В условиях хотя бы относительной свободы отказ от ненужного чистого мышления в пользу стратегического приводит к обмелению истоков культуры и к обеднению мысли, постепенно забывающей целый ряд якобы ненужных навыков.
В условиях тоталитаризма он приводит к худшему, к созданию фиктивных псевдоистин, нужных только в качестве оружия в борьбе, только в качестве средства для уничтожения самого интереса к объективной истине. В результате наука в СССР переходит к планомерному творчеству фикций. В сталинском замысле прикладные науки должны были бы служить, в конечном счете, производству оружия, а чистые науки — производству фикций.
Фикции эти, какими бы нелепыми они ни казались со стороны, в действительности в высшей степени целесообразны, так как они служат определенной цели, а именно утверждению активной несвободы, как единственной возможной формы тотального властвования над миром. Они служат этой цели и непосредственно, и посредством обслуживания второстепенных, временных и всегда побочных целей, возникающих на пути сталинизма к мировому господству. Только поэтому существующие в настоящее время в Советском Союзе фикции преходящи. По миновании надобности они без церемонии выбрасываются и заменяются новыми. Ведь фикция — это ложь, в принудительном порядке выдаваемая за истину. По миновании надобности она объявляется лишь тем, чем она всегда и была, то есть ложью. Развенчание фикций, отслуживших свой срок, единственная форма, которой Сталин послужил истине. Но и это служение было вынуждено обстоятельствами.

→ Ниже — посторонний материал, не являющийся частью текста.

(* For any $\theta_0=(\gamma_0,\mu_0,\sigma_0)\in(-1/2,\infty)\times\mathbb{R}\times(0,\infty)$, the three-parameter GEV family satisfies \[P_{\theta_0}\big(\mathbb{R}\setminus\bar S(\varepsilon)\big)=o(\varepsilon^2),\qquad\varepsilon\downarrow0.\]
   Context: $P_\theta$, $\theta=(\gamma,\mu,\sigma)\in\Theta=\mathbb{R}\times\mathbb{R}\times(0,\infty)$, is the GEV distribution with Lebesgue density $p_\theta(x)=\sigma^{-1}e^{-u}u^{\gamma+1}\mathbf 1(1+\gamma z>0)$, $z=(x-\mu)/\sigma$, $u=(1+\gamma z)^{-1/\gamma}$ for $\gamma\ne0$, $u=e^{-z}$ for $\gamma=0$. Its support is $S_\theta=\{x:\sigma+\gamma(x-\mu)>0\}$. $U_\varepsilon(\theta_0)=\{\theta\in\Theta:\|\theta-\theta_0\|<\varepsilon\}$ and $\bar S(\varepsilon)=\bigcap_{\theta\in U_\varepsilon(\theta_0)}S_\theta$. *)

theory Defs
  imports "HOL-Analysis.Analysis" "HOL-Library.Landau_Symbols"
begin

text \<open>Parameters theta = (gamma, mu, sigma) :: real \<times> real \<times> real; the norm on this
product type is the Euclidean norm.\<close>

definition gev_param_space :: "(real \<times> real \<times> real) set" where
  "gev_param_space = {(\<gamma>, \<mu>, \<sigma>). \<sigma> > 0}"

definition gev_u :: "real \<times> real \<times> real \<Rightarrow> real \<Rightarrow> real" where
  "gev_u \<theta> x = (case \<theta> of (\<gamma>, \<mu>, \<sigma>) \<Rightarrow>
     (let z = (x - \<mu>) / \<sigma> in
      if \<gamma> = 0 then exp (- z) else (1 + \<gamma> * z) powr (- 1 / \<gamma>)))"

definition gev_density :: "real \<times> real \<times> real \<Rightarrow> real \<Rightarrow> real" where
  "gev_density \<theta> x = (case \<theta> of (\<gamma>, \<mu>, \<sigma>) \<Rightarrow>
     (let z = (x - \<mu>) / \<sigma>; u = gev_u \<theta> x in
      if 1 + \<gamma> * z > 0 then (1 / \<sigma>) * exp (- u) * u powr (\<gamma> + 1) else 0))"

definition gev_measure :: "real \<times> real \<times> real \<Rightarrow> real measure" where
  "gev_measure \<theta> = density lborel (\<lambda>x. ennreal (gev_density \<theta> x))"

definition gev_support :: "real \<times> real \<times> real \<Rightarrow> real set" where
  "gev_support \<theta> = (case \<theta> of (\<gamma>, \<mu>, \<sigma>) \<Rightarrow> {x. \<sigma> + \<gamma> * (x - \<mu>) > 0})"

definition gev_nbhd :: "real \<times> real \<times> real \<Rightarrow> real \<Rightarrow> (real \<times> real \<times> real) set" where
  "gev_nbhd \<theta>0 \<epsilon> = {\<theta> \<in> gev_param_space. norm (\<theta> - \<theta>0) < \<epsilon>}"

definition gev_common_support :: "real \<times> real \<times> real \<Rightarrow> real \<Rightarrow> real set" where
  "gev_common_support \<theta>0 \<epsilon> = (\<Inter>\<theta> \<in> gev_nbhd \<theta>0 \<epsilon>. gev_support \<theta>)"

end

theory Submission
  imports Defs "HOL-Real_Asymp.Real_Asymp"
begin

text \<open>
  A point x lies outside every support S_\<theta> with \<theta> \<epsilon>-close to \<theta>0 only if its margin
  \<sigma>0 + \<gamma>0 (x - \<mu>0) inside S_\<theta>0 is O(\<epsilon>) (for \<gamma>0 = 0: only if |x - \<mu>0| is of
  order 1/\<epsilon>). For \<gamma>0 \<noteq> 0 this confines the exceptional set to an interval of length
  O(\<epsilon>) at the endpoint of the support, where the density is O(margin^q): with
  q = -(\<gamma>0 + 1)/\<gamma>0 for \<gamma>0 < 0, and with q = 3 for \<gamma>0 > 0 because the density vanishes
  faster than any power there. The mass is then O(\<epsilon>^(q+1)), and q > 1 exactly when
  \<gamma>0 > -1/2. For \<gamma>0 = 0 the exponential tails of the Gumbel density give
  O(exp(-1/(2\<epsilon>))).
\<close>

definition mass_outside_common_support :: "real \<times> real \<times> real \<Rightarrow> real \<Rightarrow> real" where
  "mass_outside_common_support \<theta>0 \<epsilon> =
     measure (gev_measure \<theta>0) (UNIV - gev_common_support \<theta>0 \<epsilon>)"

В основе сталинского мышления лежит категория целесообразности. Но что такое целесообразность не вообще, а в ее конкретном проявлении? Каковы методы ее определения? Кто имеет право пользоваться этими методами? Кто имеет право определять, что ошибочно и что правильно?
Общий ответ на эти вопросы всем хорошо известен: целесообразно то, что служит делу Ленина-Сталина. Конкретные же ответы на зти вопросы с абсолютной гарантией их правильности может дать Сталин, и только он один. На нем, следовательно, лежит вся полнота ответственности за его собственное дело, а от помощников, от больших до самых малых, лежит только ответственность исполнителей. От этих исполнителей в виде полезного качества требуется иногда и мышление. Но мышление это должно быть партийным, то есть чисто стратегическим, должно решать только практические, поставленные властью задачи и решать их только в духе партии, правительства и лично тов. Сталина.
Нелепость и преступность этой точки зрения советский человек прекрасно понимает. Об этом свидетельствует ряд едких анекдотов о непогрешимости вождя. Но думать над этой темой дальше советский человек боигся и, понимая нелепость абсолютизации стратегического мышления (ибо стратегическое мышление грех не само по себе, а только в его абсолютизированном виде), он на практике предан этому греху и не смеет от него отречься. Мышление советского человека сформировалось под давлением сталинизма. Влияние сталинизма на мышление советского человека сильнее его влияния на чувства и волю. Именно на этом фронте борьбы за душу советского человека ему удалось достигнуть наибольших успехов.
Правда, советские ученые и теперь нередко пытаются уклониться от служения сталинскому идеалу науки. Борьба за научную мысль в СССР велась героическая и большой кровью, но тяга к знанию, столь характерная для русского народа до и в первые годы революции, довольно скоро была подменена тягой к квалификации.
Советский человек понимает, что квалификация нужна ему для того, чтобы удерживаться на поверхности столь бурного в СССР житейского моря. Но он понимает также (хоть, может быть, об этом и не думает), что мышление, руководимое понятием истины, опасно для советской власти. С этой опасностью борется власть, но с нею же из чистого инстинкта самосохранения борются и подвластные. «Размышление об истине, говорит советский человек, — да ведь оно опасно. Не мысли, завещал нам Бухарин. Толку все равно не будет, а обременишь себя разными уклонами, после и носись с ними». И советский человек решительным образом накладывает свое вето. Это вето тайно произносится в миллионах душ. Само это вето — преступление, ибо оно свидетельствует о факте возникновения «соблазна истиной», факте, который был бы ужасен для сталинской власти, если бы как раз с ним советский человек не справлялся куда проще и легче, чем с аналогичным ему и уже известным нам соблазном добром.